Data entries:

(* Let $\tau,t\in\mathbb{R}$ and let $P_n(x;\tau,t)$ be the monic orthogonal polynomials for the weight $\omega(x;\tau,t)=\exp(-x^6+\tau x^4+tx^2)$ on $\mathbb{R}$, with recurrence coefficients $\beta_n$. Then for $n\ge1$ $$\frac{dP_n}{dx}(x;\tau,t)=-B_n(x;\tau,t)P_n(x;\tau,t)+A_n(x;\tau,t)P_{n-1}(x;\tau,t),$$ where $$A_n(x;\tau,t)=\beta_n\big\{6x^4-4\tau x^2-2t+(6x^2-4\tau)(\beta_n+\beta_{n+1})\big\}+6\beta_n\big\{\beta_n(\beta_{n-1}+\beta_n+\beta_{n+1})+\beta_{n+1}(\beta_n+\beta_{n+1}+\beta_{n+2})\big\},$$ $$B_n(x;\tau,t)=\beta_n\big\{6x^3-4\tau x+6x(\beta_{n-1}+\beta_n+\beta_{n+1})\big\}.$$
   Context: The monic polynomials $P_n(x;\tau,t)$ of exact degree $n$ are orthogonal with respect to $\omega(x;\tau,t)$ on $\mathbb{R}$. They satisfy $P_{n+1}(x)=xP_n(x)-\beta_nP_{n-1}(x)$ with $P_{-1}=0$, $P_0=1$, where $\beta_n>0$ for $n\ge1$. The convention $\beta_0=0$ is used. *)

theory Defs
  imports "HOL-Analysis.Analysis" "HOL-Computational_Algebra.Polynomial"
begin

definition sextic_weight :: "real \<Rightarrow> real \<Rightarrow> real \<Rightarrow> real" where
  "sextic_weight \<tau> t x = exp (- (x ^ 6) + \<tau> * x ^ 4 + t * x ^ 2)"

definition monic_OPS_rec ::
  "(real \<Rightarrow> real) \<Rightarrow> (nat \<Rightarrow> real poly) \<Rightarrow> (nat \<Rightarrow> real) \<Rightarrow> bool" where
  "monic_OPS_rec w P \<beta> \<longleftrightarrow>
     (\<forall>n. degree (P n) = n \<and> lead_coeff (P n) = 1) \<and>
     (\<forall>m n. m \<noteq> n \<longrightarrow>
        ((\<lambda>x. poly (P m) x * poly (P n) x * w x) has_integral 0) UNIV) \<and>
     \<beta> 0 = 0 \<and> (\<forall>n\<ge>1. \<beta> n > 0) \<and>
     (\<forall>n. P (Suc n) = [:0, 1:] * P n - smult (\<beta> n) (if n = 0 then 0 else P (n - 1)))"

definition coeffA :: "real \<Rightarrow> real \<Rightarrow> (nat \<Rightarrow> real) \<Rightarrow> nat \<Rightarrow> real \<Rightarrow> real" where
  "coeffA \<tau> t \<beta> n x =
     \<beta> n * (6 * x ^ 4 - 4 * \<tau> * x ^ 2 - 2 * t + (6 * x ^ 2 - 4 * \<tau>) * (\<beta> n + \<beta> (n + 1)))
     + 6 * \<beta> n * (\<beta> n * (\<beta> (n - 1) + \<beta> n + \<beta> (n + 1))
                   + \<beta> (n + 1) * (\<beta> n + \<beta> (n + 1) + \<beta> (n + 2)))"

definition coeffB :: "real \<Rightarrow> real \<Rightarrow> (nat \<Rightarrow> real) \<Rightarrow> nat \<Rightarrow> real \<Rightarrow> real" where
  "coeffB \<tau> t \<beta> n x =
     \<beta> n * (6 * x ^ 3 - 4 * \<tau> * x + 6 * x * (\<beta> (n - 1) + \<beta> n + \<beta> (n + 1)))"

end

(*
  Chen-Ismail ladder argument.  Write the weight as exp (- v y) with
  v y = y^6 - tau y^4 - t y^2 and let h k = L (P k ^ 2) for its moment functional L.
  Since P n' has degree < n, it is reproduced by the Christoffel-Darboux kernel
  S x y = sum (k < n) P k x P k y / h k.  Integration by parts (L p' = L (p v')) and the
  orthogonality of P n to all polynomials of degree < n turn P n' x = L (P n' (S x)) into
  L (P n (S x) v') = L (P n (y - x) (S x y) (Q x y)), where Q x y = (v' y - v' x) / (y - x).
  The Christoffel-Darboux formula
    h (n - 1) (y - x) S x y = P (n - 1) x P n y - P n x P (n - 1) y
  then gives h (n - 1) P n' x = P (n - 1) x L (Q x P n ^ 2) - P n x L (Q x P n P (n - 1)).
  As Q x is a quartic in y, only moments of order at most 4 against P n ^ 2 and P n P (n - 1)
  remain; the three-term recurrence evaluates them, and since it has no diagonal term the odd
  ones vanish.
*)

theory Submission
  imports Defs "HOL-Probability.Distributions" "HOL-Real_Asymp.Real_Asymp"
begin

definition x_poly :: "real poly" where
  "x_poly = [:0, 1:]"

lemma poly_x_poly [simp]: "poly x_poly y = y"
  by (simp add: x_poly_def)

locale symmetric_OPS =
  fixes L :: "real poly \<Rightarrow> real" and P :: "nat \<Rightarrow> real poly" and \<beta> :: "nat \<Rightarrow> real"
  assumes L_add: "L (p + q) = L p + L q"
    and L_smult: "L (smult c p) = c * L p"
    and L_one_nonzero: "L 1 \<noteq> 0"
    and degree_P: "degree (P n) = n"
    and lead_coeff_P: "lead_coeff (P n) = 1"
    and orthogonal: "m \<noteq> n \<Longrightarrow> L (P m * P n) = 0"
    and beta_0: "\<beta> 0 = 0"
    and beta_nonzero: "n \<ge> 1 \<Longrightarrow> \<beta> n \<noteq> 0"
    and P_Suc: "P (Suc n) = x_poly * P n - smult (\<beta> n) (P (n - 1))"
      \<comment> \<open>for n = 0 the truncated index n - 1 = 0 is harmless because \<beta> 0 = 0\<close>
begin

lemma L_zero: "L 0 = 0"
  using L_smult[of 0 0] by simp

lemma L_minus: "L (- p) = - L p"
  using L_smult[of "-1" p] by simp

lemma L_diff: "L (p - q) = L p - L q"
  using L_add[of p "- q"] by (simp add: L_minus)

lemma L_sum: "L (\<Sum>i\<in>A. f i) = (\<Sum>i\<in>A. L (f i))"
  by (induction A rule: infinite_finite_induct) (simp_all add: L_zero L_add)

lemmas L_linear = L_add L_diff L_minus L_smult L_sum L_zero

definition h :: "nat \<Rightarrow> real" where
  "h n = L (P n * P n)"

lemma L_P_mult_P: "L (P m * P n) = (if m = n then h n else 0)"
  by (simp add: h_def orthogonal)

lemma P_0: "P 0 = 1"
  using degree_0_id[of "P 0"] degree_P[of 0] lead_coeff_P[of 0] by (simp add: one_pCons)

lemma x_poly_mult_P: "x_poly * P n = P (Suc n) + smult (\<beta> n) (P (n - 1))"
  by (simp add: P_Suc)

WORK TASK:
The number of lines in the data that hold "recurrence" must be the entire answer.

ANSWER TO THIS EXERCISE:
2